This exercise builds upon previous exercise. Start by redefining murder to include rate and rank:
library(dplyr)
library(dslabs)
data(murders)
murders <- mutate(murders, rate=total/population*100000, rank=rank(-rate))
The dplyr function filter
is used to choose specific rows of
the data frame to keep. Unlike select
which is for columns, filter
is for rows.
# row(s) where the statename is "New York"
new_york <- filter(murders, state == "New York")
# rows where the statename is shorter than 10
short_states <- filter(murders, length(state) < 10)
# even rows
even_rows <- filter(murders, c(1:51)%%2==0)

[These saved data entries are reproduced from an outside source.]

theorem mainTheorem2:
  fixes g f :: "nat \<Rightarrow> fn"
  assumes smooth_g: "\<And>k. k \<ge> 1 \<Longrightarrow> smooth (g k)"
    and smooth_f: "\<And>m. m \<ge> 1 \<Longrightarrow> smooth (f m)"
    and hier: "DF_hierarchy g f"
  shows "(\<forall>n \<ge> 1. vf_app (Tvf g f n) (phi1 g) = zero_ser \<and> vf_app (Tvf g f n) (phi2 f) = zero_ser)
       \<and> (\<forall>j \<ge> 1. vf_app (Zvf g f j) (phi1 g) = zero_ser \<and> vf_app (Zvf g f j) (phi2 f) = zero_ser)
       \<and> (\<forall>n \<ge> 1. \<forall>s \<ge> 1. vf_bracket (Tvf g f n) (Tvf g f s) = zero_vf)
       \<and> (\<forall>n \<ge> 1. \<forall>j \<ge> 1. vf_bracket (Tvf g f n) (Zvf g f j) = zero_vf)
       \<and> (\<forall>i \<ge> 1. \<forall>j \<ge> 1. vf_bracket (Zvf g f i) (Zvf g f j) = zero_vf)"
proof -
  interpret DF_solution g f
    using assms by unfold_locales
  have T_not_xy: "T n \<notin> {X, Y}" and Z_not_xy: "Z n \<notin> {X, Y}" for n
    by simp_all
  note one = coord_algebra_fls_one fls_pd_one
  note lambda = coord_algebra_fls_X_inv fls_pd_X_inv
  show ?thesis
    by (simp add: Tvf_lax_field Zvf_lax_field vf_app_lax_field T_not_xy Z_not_xy
        vf_bracket_lax_field[OF T_not_xy T_not_xy one one]
        vf_bracket_lax_field[OF T_not_xy Z_not_xy one lambda]
        vf_bracket_lax_field[OF Z_not_xy Z_not_xy lambda lambda])
qed

end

# rows with population in millions larger than 11
odd_rows <- filter(murders, population/1000000 > 11)
We typically use variables from the dataframe to define the filter criterium, but you can use any logical vector with a length that is a divisor of the number of rows in the dataframe.
Let the examples above inspire you to solve the following questions:
Use filter
to show the entries with a murder rate lower then 1. Store your result in safe_cities
.
Create a new data frame called no_south
that removes states from the “South” region. You can use the !=
operator, which does the opposite of the ==
operator used in the first example.
We can also use %in%
to filter with dplyr. Create a new data frame called murders_ne_w
with only the states from the Northeast
and West
regions.
Hint
The dplyr
%in%
operator checks for each element in the first vector if this element is contained in the second vector, here is an example:c("Mango", "Apple", "Pears", "Banana", "Mango") %in% c("Mango", "Banana")
returnsc(TRUE, FALSE, FALSE, TRUE, TRUE)
. You can use the result of this operation as filter condition.